> _Exercise details_
Within the listing below, the lines to output run from the one containing "by (simp add: central_at_def" through the one containing "(* Let $F$ be"; copy them exactly and nothing else.

******

lemma central_point_dual_optimal:
  assumes "central_point m n A b c \<mu> x w y s"
  shows "dual_optimal m n A b c \<mu> y s \<and>
    (\<forall>y' s'. dual_optimal m n A b c \<mu> y' s' \<longrightarrow>
       (\<forall>i<m. germ_eq (y' i) (y i)) \<and> (\<forall>j<n. germ_eq (s' j) (s j)))"
  using central_point_primal_optimal[of n m "neg_transpose A" c b \<mu> y s x w] assms
  by (simp add: central_point_transpose dual_optimal_iff_transpose)

lemma central_point_exists:
  assumes "matK m n A" "vecK m b" "vecK n c" "inK \<mu>"
    and solvable: "\<forall>\<^sub>F t in at_top.
      \<exists>x w y s. central_eqs m n (\<lambda>i j. A i j t) (\<lambda>i. b i t) (\<lambda>j. c j t) (\<mu> t) x w y s"
  shows "\<exists>x w y s. central_point m n A b c \<mu> x w y s"
proof -
  let ?comp = "central_component m n A b c \<mu>"
  have "\<forall>\<sigma>\<in>set (data_slots m n). inK (datum A b c \<mu> \<sigma>)"
    using assms(1-4) by (auto simp: data_slots_def matK_def vecK_def)
  then have "\<forall>\<sigma>\<in>set (solution_slots m n). inK (?comp \<sigma>)"
    by (blast intro: inK_central_component)
  then have "vecK n (\<lambda>j. ?comp (PrimX j))" "vecK m (\<lambda>i. ?comp (Slack i))"
    "vecK m (\<lambda>i. ?comp (DualY i))" "vecK n (\<lambda>j. ?comp (DualS j))"
    by (simp_all add: vecK_def)
  moreover have "\<forall>\<^sub>F t in at_top. central_eqs m n (\<lambda>i j. A i j t) (\<lambda>i. b i t) (\<lambda>j. c j t) (\<mu> t)
      (\<lambda>j. ?comp (PrimX j) t) (\<lambda>i. ?comp (Slack i) t) (\<lambda>i. ?comp (DualY i) t) (\<lambda>j. ?comp (DualS j) t)"
    using solvable
  proof eventually_elim
    case (elim t)
    then have "\<exists>g. central_env m n A b c \<mu> t g"
      by (blast intro: central_env_exists)
    then have "central_at m n A b c \<mu> t ((SOME g. central_env m n A b c \<mu> t g) \<circ> slot_var)"
      by (rule central_env_central_at[OF someI_ex])
    with \<open>\<exists>g. central_env m n A b c \<mu> t g\<close> show ?case
      by (simp add: central_at_def central_component_def)
  qed
  ultimately show ?thesis
    by (auto simp: central_point_iff)
qed
(* Let $F$ be any function from syntax trees to the reals that takes at most $k$ distinct values, and let $T_{init}$ be the number of nodes of the initial tree. Then for both SMO-GP-single and SMO-GP-multi applied to MO-$F(X)=(F(X),C(X))$, the expected number of iterations until the population contains the empty tree is $O(k\,T_{init})$.
   Context: Fix an integer $n\ge 1$; the terminal set is $T=\{x_1,\bar x_1,\dots,x_n,\bar x_n\}$. A syntax tree is either the empty tree or a rooted ordered binary tree whose inner nodes are all labelled by the binary function $J$ (join, exactly two ordered children) and whose leaves are labelled by elements of $T$. The complexity $C(X)$ is the number of nodes of $X$ (0 for the empty tree). In MO-$F$, $F$ is to be maximized and $C$ minimized. Mutation (HVL-Prime applied $k'$ times): each application chooses uniformly at random one of three operations. Substitute: replace a uniformly random leaf by a uniformly random $u\in T$. Insert: choose a uniformly random node $v$ and uniformly random $u\in T$, replace $v$ by a $J$-node with children $u$ and $v$ in uniformly random order (inserting into the empty tree yields the single leaf $u$). Delete: choose a uniformly random leaf $v$ with parent $p$ and sibling $u$, replace $p$ by $u$ (deleting $p$ and $v$; deleting the only leaf of a one-leaf tree yields the empty tree). For single-operation mutation $k'=1$; for multi-operation mutation $k'=1+\mathrm{Pois}(1)$ with $\mathrm{Pois}(1)$ a Poisson random variable with mean 1. Dominance: $Y\succeq X$ iff $F(Y)\ge F(X)$ and $C(Y)\le C(X)$; $Y\succ X$ iff $Y\succeq X$ and ($F(Y)>F(X)$ or $C(Y)<C(X)$). SMO-GP: choose an initial tree $X$ and set $P:=\{X\}$; repeat: choose $X\in P$ uniformly at random, let $Y$ be a mutated copy of $X$; if no $Z\in P$ satisfies $Z\succ Y$, set $P:=(P\setminus\{Z\in P: Y\succeq Z\})\cup\{Y\}$. SMO-GP-single uses single-operation mutation, SMO-GP-multi multi-operation mutation. *)

theory Defs
  imports "HOL-Probability.Probability"
begin

text \<open>Terminals: x_i is (i, True), its negation is (i, False), for 1 \<le> i \<le> n.\<close>
type_synonym lit = "nat \<times> bool"

definition terminals :: "nat \<Rightarrow> lit set" where
  "terminals n = {1..n} \<times> UNIV"

datatype tr = Leaf lit | J tr tr

text \<open>Syntax trees: None is the empty tree.\<close>
type_synonym stree = "tr option"

fun lits_tr :: "tr \<Rightarrow> lit set" where
  "lits_tr (Leaf u) = {u}"
| "lits_tr (J l r) = lits_tr l \<union> lits_tr r"

definition valid :: "nat \<Rightarrow> stree \<Rightarrow> bool" where
  "valid n X = (case X of None \<Rightarrow> True | Some t \<Rightarrow> lits_tr t \<subseteq> terminals n)"

fun nnodes :: "tr \<Rightarrow> nat" where
  "nnodes (Leaf u) = 1"
| "nnodes (J l r) = 1 + nnodes l + nnodes r"

definition C :: "stree \<Rightarrow> nat" where
  "C X = (case X of None \<Rightarrow> 0 | Some t \<Rightarrow> nnodes t)"

text \<open>Node positions as paths (False = left child, True = right child).\<close>
fun pos :: "tr \<Rightarrow> bool list set" where
  "pos (Leaf u) = {[]}"
| "pos (J l r) = {[]} \<union> Cons False ` pos l \<union> Cons True ` pos r"

fun leafpos :: "tr \<Rightarrow> bool list set" where
  "leafpos (Leaf u) = {[]}"
| "leafpos (J l r) = Cons False ` leafpos l \<union> Cons True ` leafpos r"

fun subtree :: "tr \<Rightarrow> bool list \<Rightarrow> tr" where
  "subtree t [] = t"
| "subtree (J l r) (False # p) = subtree l p"
| "subtree (J l r) (True # p) = subtree r p"
| "subtree (Leaf u) (b # p) = Leaf u"

fun replace :: "tr \<Rightarrow> bool list \<Rightarrow> tr \<Rightarrow> tr" where
  "replace t [] s = s"
| "replace (J l r) (False # p) s = J (replace l p s) r"
| "replace (J l r) (True # p) s = J l (replace r p s)"
| "replace (Leaf u) (b # p) s = Leaf u"

definition substitute_op :: "nat \<Rightarrow> stree \<Rightarrow> stree pmf" where
  "substitute_op n X = (case X of
      None \<Rightarrow> return_pmf None
    | Some t \<Rightarrow>
        do { p \<leftarrow> pmf_of_set (leafpos t);
             u \<leftarrow> pmf_of_set (terminals n);
             return_pmf (Some (replace t p (Leaf u))) })"

definition insert_op :: "nat \<Rightarrow> stree \<Rightarrow> stree pmf" where
  "insert_op n X = (case X of
      None \<Rightarrow> map_pmf (\<lambda>u. Some (Leaf u)) (pmf_of_set (terminals n))
    | Some t \<Rightarrow>
        do { p \<leftarrow> pmf_of_set (pos t);
             u \<leftarrow> pmf_of_set (terminals n);
             b \<leftarrow> bernoulli_pmf (1/2);
             return_pmf (Some (replace t p
               (if b then J (Leaf u) (subtree t p) else J (subtree t p) (Leaf u)))) })"

text \<open>Delete: choose a uniformly random leaf v with parent p and sibling u, replace p by u;
  deleting the only leaf of a one-leaf tree yields the empty tree
  (the empty tree has no leaf and is left unchanged).\<close>
definition delete_op :: "stree \<Rightarrow> stree pmf" where
  "delete_op X = (case X of
      None \<Rightarrow> return_pmf None
    | Some t \<Rightarrow>
        do { p \<leftarrow> pmf_of_set (leafpos t);
             return_pmf (if p = [] then None
               else Some (replace t (butlast p) (subtree t (butlast p @ [\<not> last p])))) })"

definition hvl_prime :: "nat \<Rightarrow> stree \<Rightarrow> stree pmf" where
  "hvl_prime n X = do { op \<leftarrow> pmf_of_set {0::nat, 1, 2};
      (if op = 0 then substitute_op n X else if op = 1 then insert_op n X else delete_op X) }"

fun hvl_iter :: "nat \<Rightarrow> nat \<Rightarrow> stree \<Rightarrow> stree pmf" where
  "hvl_iter n 0 X = return_pmf X"
| "hvl_iter n (Suc k) X = bind_pmf (hvl_prime n X) (hvl_iter n k)"

definition mutate_single :: "nat \<Rightarrow> stree \<Rightarrow> stree pmf" where
  "mutate_single n X = hvl_iter n 1 X"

******

> _Output for this exercise_
      by (simp add: central_at_def central_component_def)
  qed
  ultimately show ?thesis
    by (auto simp: central_point_iff)
qed
(* Let $F$ be any function from syntax trees to the reals that takes at most $k$ distinct values, and let $T_{init}$ be the number of nodes of the initial tree. Then for both SMO-GP-single and SMO-GP-multi applied to MO-$F(X)=(F(X),C(X))$, the expected number of iterations until the population contains the empty tree is $O(k\,T_{init})$.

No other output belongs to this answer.